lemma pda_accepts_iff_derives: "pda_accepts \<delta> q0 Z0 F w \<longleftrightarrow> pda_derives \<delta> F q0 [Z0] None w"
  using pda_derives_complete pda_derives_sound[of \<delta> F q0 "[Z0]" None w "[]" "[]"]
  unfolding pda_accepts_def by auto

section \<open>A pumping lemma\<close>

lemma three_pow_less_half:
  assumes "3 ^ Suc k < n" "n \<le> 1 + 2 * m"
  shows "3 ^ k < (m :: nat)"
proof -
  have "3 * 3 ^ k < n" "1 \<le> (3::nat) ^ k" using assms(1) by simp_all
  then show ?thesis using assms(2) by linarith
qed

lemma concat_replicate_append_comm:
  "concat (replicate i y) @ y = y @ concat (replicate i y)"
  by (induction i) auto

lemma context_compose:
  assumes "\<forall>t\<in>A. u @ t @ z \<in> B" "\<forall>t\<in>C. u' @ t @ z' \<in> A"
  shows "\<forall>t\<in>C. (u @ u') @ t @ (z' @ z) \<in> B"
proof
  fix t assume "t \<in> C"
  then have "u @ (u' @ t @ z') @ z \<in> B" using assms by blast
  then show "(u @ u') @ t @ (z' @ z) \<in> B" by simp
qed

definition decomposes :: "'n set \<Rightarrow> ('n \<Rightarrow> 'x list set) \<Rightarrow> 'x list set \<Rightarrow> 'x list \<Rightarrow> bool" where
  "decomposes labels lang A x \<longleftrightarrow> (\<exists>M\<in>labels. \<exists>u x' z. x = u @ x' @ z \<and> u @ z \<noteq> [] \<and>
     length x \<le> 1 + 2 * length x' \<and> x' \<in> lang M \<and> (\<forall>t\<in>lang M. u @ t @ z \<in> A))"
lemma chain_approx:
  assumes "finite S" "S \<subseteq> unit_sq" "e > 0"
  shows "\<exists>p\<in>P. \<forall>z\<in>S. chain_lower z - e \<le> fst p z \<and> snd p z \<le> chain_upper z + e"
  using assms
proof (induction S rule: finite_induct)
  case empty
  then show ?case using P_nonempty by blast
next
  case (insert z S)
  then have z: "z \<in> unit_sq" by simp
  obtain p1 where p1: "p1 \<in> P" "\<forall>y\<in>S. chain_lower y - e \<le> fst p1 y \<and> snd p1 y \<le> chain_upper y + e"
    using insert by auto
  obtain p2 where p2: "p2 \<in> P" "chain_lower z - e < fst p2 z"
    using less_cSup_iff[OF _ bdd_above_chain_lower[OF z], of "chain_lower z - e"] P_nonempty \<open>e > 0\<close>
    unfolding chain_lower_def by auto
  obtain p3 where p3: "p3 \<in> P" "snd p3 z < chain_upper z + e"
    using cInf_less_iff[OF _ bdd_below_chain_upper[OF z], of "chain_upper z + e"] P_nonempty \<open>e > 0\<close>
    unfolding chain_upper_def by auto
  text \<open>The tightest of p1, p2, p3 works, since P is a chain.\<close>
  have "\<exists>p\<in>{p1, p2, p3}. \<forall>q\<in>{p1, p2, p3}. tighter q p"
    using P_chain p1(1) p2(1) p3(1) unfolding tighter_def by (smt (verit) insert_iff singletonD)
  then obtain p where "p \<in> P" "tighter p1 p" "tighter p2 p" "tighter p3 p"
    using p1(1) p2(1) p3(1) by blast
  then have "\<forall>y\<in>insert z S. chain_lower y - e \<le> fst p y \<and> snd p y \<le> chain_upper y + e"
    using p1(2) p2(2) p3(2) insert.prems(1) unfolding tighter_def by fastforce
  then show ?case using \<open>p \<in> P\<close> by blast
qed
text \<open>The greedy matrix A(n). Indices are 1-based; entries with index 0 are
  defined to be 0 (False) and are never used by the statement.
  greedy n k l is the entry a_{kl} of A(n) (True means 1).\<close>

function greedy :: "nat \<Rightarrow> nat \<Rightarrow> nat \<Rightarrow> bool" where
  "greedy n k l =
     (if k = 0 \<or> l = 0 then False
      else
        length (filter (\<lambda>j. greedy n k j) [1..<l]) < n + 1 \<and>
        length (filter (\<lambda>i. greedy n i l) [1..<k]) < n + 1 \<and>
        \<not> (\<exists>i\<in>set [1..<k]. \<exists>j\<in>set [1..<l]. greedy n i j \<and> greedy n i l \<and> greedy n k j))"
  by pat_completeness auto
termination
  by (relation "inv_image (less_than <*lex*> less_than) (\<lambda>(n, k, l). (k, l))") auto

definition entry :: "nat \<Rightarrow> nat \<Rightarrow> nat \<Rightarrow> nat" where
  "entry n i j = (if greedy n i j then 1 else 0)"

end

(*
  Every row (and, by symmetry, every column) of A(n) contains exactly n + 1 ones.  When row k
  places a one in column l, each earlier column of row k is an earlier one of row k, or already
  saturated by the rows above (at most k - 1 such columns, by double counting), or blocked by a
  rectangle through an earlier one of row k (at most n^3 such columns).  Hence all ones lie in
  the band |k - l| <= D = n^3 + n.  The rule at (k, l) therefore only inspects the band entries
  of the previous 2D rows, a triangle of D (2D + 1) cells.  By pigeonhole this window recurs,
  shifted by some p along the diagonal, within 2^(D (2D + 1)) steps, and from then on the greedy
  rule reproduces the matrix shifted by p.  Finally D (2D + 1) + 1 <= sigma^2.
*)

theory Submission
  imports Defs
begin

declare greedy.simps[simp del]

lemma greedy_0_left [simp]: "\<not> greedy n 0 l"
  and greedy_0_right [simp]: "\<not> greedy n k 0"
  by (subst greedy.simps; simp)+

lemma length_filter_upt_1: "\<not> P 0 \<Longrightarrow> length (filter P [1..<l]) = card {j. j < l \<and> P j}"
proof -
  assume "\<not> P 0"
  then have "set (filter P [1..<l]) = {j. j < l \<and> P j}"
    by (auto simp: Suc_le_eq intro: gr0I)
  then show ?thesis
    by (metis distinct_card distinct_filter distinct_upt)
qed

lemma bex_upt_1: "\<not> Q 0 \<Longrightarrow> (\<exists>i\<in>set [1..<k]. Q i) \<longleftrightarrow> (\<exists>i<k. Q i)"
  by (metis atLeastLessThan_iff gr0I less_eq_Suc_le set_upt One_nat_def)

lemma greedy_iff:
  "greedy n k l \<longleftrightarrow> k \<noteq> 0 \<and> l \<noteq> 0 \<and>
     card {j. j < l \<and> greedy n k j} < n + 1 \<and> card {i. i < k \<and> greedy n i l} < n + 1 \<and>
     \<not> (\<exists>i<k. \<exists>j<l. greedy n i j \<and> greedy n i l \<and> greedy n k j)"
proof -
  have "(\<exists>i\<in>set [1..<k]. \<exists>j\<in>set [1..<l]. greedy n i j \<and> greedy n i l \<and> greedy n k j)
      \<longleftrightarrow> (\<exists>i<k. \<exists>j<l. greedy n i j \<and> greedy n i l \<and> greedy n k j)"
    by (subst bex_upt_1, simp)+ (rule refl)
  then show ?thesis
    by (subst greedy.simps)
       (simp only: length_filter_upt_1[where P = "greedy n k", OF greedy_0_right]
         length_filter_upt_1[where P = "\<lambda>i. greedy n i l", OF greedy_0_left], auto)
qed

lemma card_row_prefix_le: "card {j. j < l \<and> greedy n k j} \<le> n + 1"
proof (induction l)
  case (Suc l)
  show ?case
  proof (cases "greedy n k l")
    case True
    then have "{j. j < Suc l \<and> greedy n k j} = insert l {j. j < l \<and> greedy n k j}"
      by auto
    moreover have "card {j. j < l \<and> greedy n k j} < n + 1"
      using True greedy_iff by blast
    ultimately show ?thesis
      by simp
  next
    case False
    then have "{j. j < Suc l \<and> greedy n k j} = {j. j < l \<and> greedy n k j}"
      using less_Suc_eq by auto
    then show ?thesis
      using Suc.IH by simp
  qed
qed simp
++++++++++++++++++++
* [BRIEF]: A precise copy of all the records is needed.

* [TASK ANSWER]:
lemma pda_accepts_iff_derives: "pda_accepts \<delta> q0 Z0 F w \<longleftrightarrow> pda_derives \<delta> F q0 [Z0] None w"
  using pda_derives_complete pda_derives_sound[of \<delta> F q0 "[Z0]" None w "[]" "[]"]
  unfolding pda_accepts_def by auto

section \<open>A pumping lemma\<close>

lemma three_pow_less_half:
  assumes "3 ^ Suc k < n" "n \<le> 1 + 2 * m"
  shows "3 ^ k < (m :: nat)"
proof -
  have "3 * 3 ^ k < n" "1 \<le> (3::nat) ^ k" using assms(1) by simp_all
  then show ?thesis using assms(2) by linarith
qed

lemma concat_replicate_append_comm:
  "concat (replicate i y) @ y = y @ concat (replicate i y)"
  by (induction i) auto

lemma context_compose:
  assumes "\<forall>t\<in>A. u @ t @ z \<in> B" "\<forall>t\<in>C. u' @ t @ z' \<in> A"
  shows "\<forall>t\<in>C. (u @ u') @ t @ (z' @ z) \<in> B"
proof
  fix t assume "t \<in> C"
  then have "u @ (u' @ t @ z') @ z \<in> B" using assms by blast
  then show "(u @ u') @ t @ (z' @ z) \<in> B" by simp
qed

definition decomposes :: "'n set \<Rightarrow> ('n \<Rightarrow> 'x list set) \<Rightarrow> 'x list set \<Rightarrow> 'x list \<Rightarrow> bool" where
  "decomposes labels lang A x \<longleftrightarrow> (\<exists>M\<in>labels. \<exists>u x' z. x = u @ x' @ z \<and> u @ z \<noteq> [] \<and>
     length x \<le> 1 + 2 * length x' \<and> x' \<in> lang M \<and> (\<forall>t\<in>lang M. u @ t @ z \<in> A))"
lemma chain_approx:
  assumes "finite S" "S \<subseteq> unit_sq" "e > 0"
  shows "\<exists>p\<in>P. \<forall>z\<in>S. chain_lower z - e \<le> fst p z \<and> snd p z \<le> chain_upper z + e"
  using assms
proof (induction S rule: finite_induct)
  case empty
  then show ?case using P_nonempty by blast
next
  case (insert z S)
  then have z: "z \<in> unit_sq" by simp
  obtain p1 where p1: "p1 \<in> P" "\<forall>y\<in>S. chain_lower y - e \<le> fst p1 y \<and> snd p1 y \<le> chain_upper y + e"
    using insert by auto
  obtain p2 where p2: "p2 \<in> P" "chain_lower z - e < fst p2 z"
    using less_cSup_iff[OF _ bdd_above_chain_lower[OF z], of "chain_lower z - e"] P_nonempty \<open>e > 0\<close>
    unfolding chain_lower_def by auto
  obtain p3 where p3: "p3 \<in> P" "snd p3 z < chain_upper z + e"
    using cInf_less_iff[OF _ bdd_below_chain_upper[OF z], of "chain_upper z + e"] P_nonempty \<open>e > 0\<close>
    unfolding chain_upper_def by auto
  text \<open>The tightest of p1, p2, p3 works, since P is a chain.\<close>
  have "\<exists>p\<in>{p1, p2, p3}. \<forall>q\<in>{p1, p2, p3}. tighter q p"
    using P_chain p1(1) p2(1) p3(1) unfolding tighter_def by (smt (verit) insert_iff singletonD)
  then obtain p where "p \<in> P" "tighter p1 p" "tighter p2 p" "tighter p3 p"
    using p1(1) p2(1) p3(1) by blast
  then have "\<forall>y\<in>insert z S. chain_lower y - e \<le> fst p y \<and> snd p y \<le> chain_upper y + e"
    using p1(2) p2(2) p3(2) insert.prems(1) unfolding tighter_def by fastforce
  then show ?case using \<open>p \<in> P\<close> by blast
qed
text \<open>The greedy matrix A(n). Indices are 1-based; entries with index 0 are
  defined to be 0 (False) and are never used by the statement.
  greedy n k l is the entry a_{kl} of A(n) (True means 1).\<close>

function greedy :: "nat \<Rightarrow> nat \<Rightarrow> nat \<Rightarrow> bool" where
  "greedy n k l =
     (if k = 0 \<or> l = 0 then False
      else
        length (filter (\<lambda>j. greedy n k j) [1..<l]) < n + 1 \<and>
        length (filter (\<lambda>i. greedy n i l) [1..<k]) < n + 1 \<and>
        \<not> (\<exists>i\<in>set [1..<k]. \<exists>j\<in>set [1..<l]. greedy n i j \<and> greedy n i l \<and> greedy n k j))"
  by pat_completeness auto
termination
  by (relation "inv_image (less_than <*lex*> less_than) (\<lambda>(n, k, l). (k, l))") auto

definition entry :: "nat \<Rightarrow> nat \<Rightarrow> nat \<Rightarrow> nat" where
  "entry n i j = (if greedy n i j then 1 else 0)"

end

(*
  Every row (and, by symmetry, every column) of A(n) contains exactly n + 1 ones.  When row k
  places a one in column l, each earlier column of row k is an earlier one of row k, or already
  saturated by the rows above (at most k - 1 such columns, by double counting), or blocked by a
  rectangle through an earlier one of row k (at most n^3 such columns).  Hence all ones lie in
  the band |k - l| <= D = n^3 + n.  The rule at (k, l) therefore only inspects the band entries
  of the previous 2D rows, a triangle of D (2D + 1) cells.  By pigeonhole this window recurs,
  shifted by some p along the diagonal, within 2^(D (2D + 1)) steps, and from then on the greedy
  rule reproduces the matrix shifted by p.  Finally D (2D + 1) + 1 <= sigma^2.
*)

theory Submission
  imports Defs
begin

declare greedy.simps[simp del]

lemma greedy_0_left [simp]: "\<not> greedy n 0 l"
  and greedy_0_right [simp]: "\<not> greedy n k 0"
  by (subst greedy.simps; simp)+

lemma length_filter_upt_1: "\<not> P 0 \<Longrightarrow> length (filter P [1..<l]) = card {j. j < l \<and> P j}"
proof -
  assume "\<not> P 0"
  then have "set (filter P [1..<l]) = {j. j < l \<and> P j}"
    by (auto simp: Suc_le_eq intro: gr0I)
  then show ?thesis
    by (metis distinct_card distinct_filter distinct_upt)
qed

lemma bex_upt_1: "\<not> Q 0 \<Longrightarrow> (\<exists>i\<in>set [1..<k]. Q i) \<longleftrightarrow> (\<exists>i<k. Q i)"
  by (metis atLeastLessThan_iff gr0I less_eq_Suc_le set_upt One_nat_def)

lemma greedy_iff:
  "greedy n k l \<longleftrightarrow> k \<noteq> 0 \<and> l \<noteq> 0 \<and>
     card {j. j < l \<and> greedy n k j} < n + 1 \<and> card {i. i < k \<and> greedy n i l} < n + 1 \<and>
     \<not> (\<exists>i<k. \<exists>j<l. greedy n i j \<and> greedy n i l \<and> greedy n k j)"
proof -
  have "(\<exists>i\<in>set [1..<k]. \<exists>j\<in>set [1..<l]. greedy n i j \<and> greedy n i l \<and> greedy n k j)
      \<longleftrightarrow> (\<exists>i<k. \<exists>j<l. greedy n i j \<and> greedy n i l \<and> greedy n k j)"
    by (subst bex_upt_1, simp)+ (rule refl)
  then show ?thesis
    by (subst greedy.simps)
       (simp only: length_filter_upt_1[where P = "greedy n k", OF greedy_0_right]
         length_filter_upt_1[where P = "\<lambda>i. greedy n i l", OF greedy_0_left], auto)
qed

lemma card_row_prefix_le: "card {j. j < l \<and> greedy n k j} \<le> n + 1"
proof (induction l)
  case (Suc l)
  show ?case
  proof (cases "greedy n k l")
    case True
    then have "{j. j < Suc l \<and> greedy n k j} = insert l {j. j < l \<and> greedy n k j}"
      by auto
    moreover have "card {j. j < l \<and> greedy n k j} < n + 1"
      using True greedy_iff by blast
    ultimately show ?thesis
      by simp
  next
    case False
    then have "{j. j < Suc l \<and> greedy n k j} = {j. j < l \<and> greedy n k j}"
      using less_Suc_eq by auto
    then show ?thesis
      using Suc.IH by simp
  qed
qed simp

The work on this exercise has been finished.